- _Data shown_:
text \<open>\<open>W'\<close> sends \<open>A t\<^sub>1\<close> to \<open>t\<^sub>3 = W (A t\<^sub>2)\<close> and follows \<open>W\<close> elsewhere on this cycle, so it
  cuts out the arc from \<open>A t\<^sub>1\<close> to \<open>A t\<^sub>2\<close>.\<close>

lemma card_cycle_shortcut:
  assumes T: "{t1, t2, t3} \<subseteq> S" "t1 \<noteq> t2" "t2 \<noteq> t3" "t3 \<noteq> t1"
    "\<psi> t1 = t2" "\<psi> t2 = t3" "\<psi> t3 = t1" "\<forall>x\<in>S - {t1, t2, t3}. \<psi> (\<psi> x) = x"
    and cycle: "A t2 \<in> orb W (A t1)" "A t3 \<notin> orb W (A t1)"
  shows "card (orb W (A t3)) < card (orb W (A t1))"
proof -
  have t_in: "t1 \<in> S" "t2 \<in> S" "t3 \<in> S" using T(1) by auto
  have same: "orb W (A t2) = orb W (A t1)" by (rule W.orb_eq_if_mem [OF A_in [OF t_in(1)] cycle(1)])
  have agree: "\<forall>y\<in>orb W (A t2). y \<noteq> A t1 \<longrightarrow> y \<noteq> A t2 \<longrightarrow> W' y = W y"
  proof (intro ballI impI)
    fix y assume y: "y \<in> orb W (A t2)" "y \<noteq> A t1" "y \<noteq> A t2"
    have "y \<in> S" using W.orb_subset [OF A_in [OF t_in(2)]] y(1) by blast
    have "y \<notin> A ` {t1, t2, t3}" using y cycle(2) same by auto
    then have "A y \<notin> {t1, t2, t3}" using A_A [OF \<open>y \<in> S\<close>] by (metis imageI)
    then have "\<psi> (\<psi> (A y)) = A y" using T(8) A_in [OF \<open>y \<in> S\<close>] by simp
    then show "W' y = W y" by (rule W'_eq_W [OF \<open>y \<in> S\<close>])
  qed
  have "A t1 \<in> orb W (A t2)" using same self_in_orb [of "A t1" W] by simp
  moreover have "A t1 \<noteq> A t2" using T(2) A_cancel t_in by blast
  moreover have "W' (A t1) = W (A t2)" using T(5-7) t_in inv_\<psi> [of t3] by (simp add: W_def W'_def A_A)
  ultimately obtain b where "0 < b" "b < period W (A t2)" "(W' ^^ b) (A t1) = A t1"
    by (rule W.shortcut_returns [OF A_in [OF t_in(2)] _ _ _ agree])
  have "card (orb W (A t3)) = card (orb W' (A t1))"
    using orb_W_\<psi> [OF t_in(3)] card_orb_W'_A [OF t_in(1)] T(7) by simp
  also have "\<dots> \<le> b"
    using W'.card_orb [OF A_in [OF t_in(1)]] period_le [OF \<open>0 < b\<close> \<open>(W' ^^ b) _ = _\<close>] by simp
  also have "\<dots> < card (orb W (A t1))"
    using \<open>b < _\<close> W.card_orb [OF A_in [OF t_in(2)]] same by simp
  finally show ?thesis .
qed

lemma cycles_meeting_3_cycle:
  assumes "{t1, t2, t3} \<subseteq> S" "\<psi> t1 = t2" "\<psi> t2 = t3" "\<psi> t3 = t1"
  shows "{Z \<in> orbits W S. Z \<inter> ({t1, t2, t3} \<union> A ` {t1, t2, t3}) \<noteq> {}}
    = {orb W (A t1), orb W (A t2), orb W (A t3)}"
proof (intro equalityI subsetI)
  let ?T = "{t1, t2, t3}"
  have t_in: "t1 \<in> S" "t2 \<in> S" "t3 \<in> S" using assms(1) by auto
  fix Z assume "Z \<in> {Z \<in> orbits W S. Z \<inter> (?T \<union> A ` ?T) \<noteq> {}}"
  then obtain x z where "x \<in> S" "Z = orb W x" "z \<in> Z" "z \<in> ?T \<union> A ` ?T"
    by (auto simp: orbits_def)
  then have "Z = orb W z" "z \<in> ?T \<union> A ` ?T" using W.orb_eq_if_mem by auto
  then show "Z \<in> {orb W (A t1), orb W (A t2), orb W (A t3)}"
    using orb_W_\<psi> [of t3] orb_W_\<psi> [of t1] orb_W_\<psi> [of t2] assms(2-4) t_in by auto
next
  fix Z assume "Z \<in> {orb W (A t1), orb W (A t2), orb W (A t3)}"
  then show "Z \<in> {Z \<in> orbits W S. Z \<inter> ({t1, t2, t3} \<union> A ` {t1, t2, t3}) \<noteq> {}}"
    using assms(1) A_in self_in_orb [of "A t1" W] self_in_orb [of "A t2" W] self_in_orb [of "A t3" W]
    by (auto simp: orbits_def)
qed
(* For all nonnegative integers $L,M$, \[ \sum_{j\in\mathbb{Z}}(-1)^j q^{\frac{1}{2}j(5j+1)}\mathcal{B}(L,M,2j+1,j) =\sum_{n\geq 0}q^{n^2}\begin{bmatrix}2L+M-n-1\\ 2L-1\end{bmatrix}\begin{bmatrix}L-1\\ n\end{bmatrix}. \]
   Context: $(x;q)_n=\prod_{i=0}^{n-1}(1-xq^i)$, $(q)_n=(q;q)_n$; $\begin{bmatrix}n\\ m\end{bmatrix}=\frac{(q)_n}{(q)_m(q)_{n-m}}$ if $m,n-m$ are nonnegative integers, $0$ otherwise. $\mathcal{B}(L,M,a,b)=\begin{bmatrix}L+M+a-b\\ L+a\end{bmatrix}\begin{bmatrix}L+M-a+b\\ L-a\end{bmatrix}$. *)

theory Defs
  imports "HOL-Computational_Algebra.Formal_Power_Series"
begin

definition qpoch :: "rat fps \<Rightarrow> nat \<Rightarrow> rat fps" where
  "qpoch x n = (\<Prod>i<n. 1 - x * fps_X ^ i)"

definition qfac :: "nat \<Rightarrow> rat fps" where
  "qfac n = qpoch fps_X n"

definition qbinom :: "int \<Rightarrow> int \<Rightarrow> rat fps" where
  "qbinom n m = (if 0 \<le> m \<and> 0 \<le> n - m
      then qfac (nat n) / (qfac (nat m) * qfac (nat (n - m))) else 0)"

definition BB :: "int \<Rightarrow> int \<Rightarrow> int \<Rightarrow> int \<Rightarrow> rat fps" where
  "BB L M a b = qbinom (L + M + a - b) (L + a) * qbinom (L + M - a + b) (L - a)"

end

theory Submission
  imports Defs "HOL-Library.Groups_Big_Fun"
begin

(* Both sides are members of two families of finitely supported sums over products of two
   Gaussian binomials: alternating sums bos with quadratic exponent (5j^2 + (2s+1)j)/2, and
   positive sums ferm with exponent n^2 + t n. The q-Pascal rule applied to one binomial factor
   turns a member of either family into a combination of two neighbouring members, at the cost of
   shifting the linear parameter s (resp. t). For three suitable members A, B, C of each family,
   indexed by (L, M), this closes up into the same first-order q-difference system in L and M;
   for the alternating sums the system closes because bos a b (a-2) (b+1) 2 vanishes under the
   sign-reversing involution j -> -1 - j. Both triples have the same values on L = 0 and on M = 0,
   so they coincide, and the theorem is the equality of the B-members. *)

abbreviation q :: "rat fps" where "q \<equiv> fps_X"

lemma Sum_any_add_mult:
  fixes f g h :: "'b \<Rightarrow> 'a::comm_semiring_0"
  assumes "\<And>j. f j = g j + c * h j" "finite {j. g j \<noteq> 0}" "finite {j. h j \<noteq> 0}"
  shows "Sum_any f = Sum_any g + c * Sum_any h"
proof -
  have "finite {j. c * h j \<noteq> 0}"
    by (rule finite_subset[OF _ assms(3)]) auto
  then show ?thesis
    using assms by (simp add: Sum_any.distrib Sum_any_right_distrib)
qed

- _About this task_:
Every line above that includes the string "proof" needs to be copied.

- _Response for this exercise_:
proof -
  proof (intro ballI impI)
proof (intro equalityI subsetI)
proof -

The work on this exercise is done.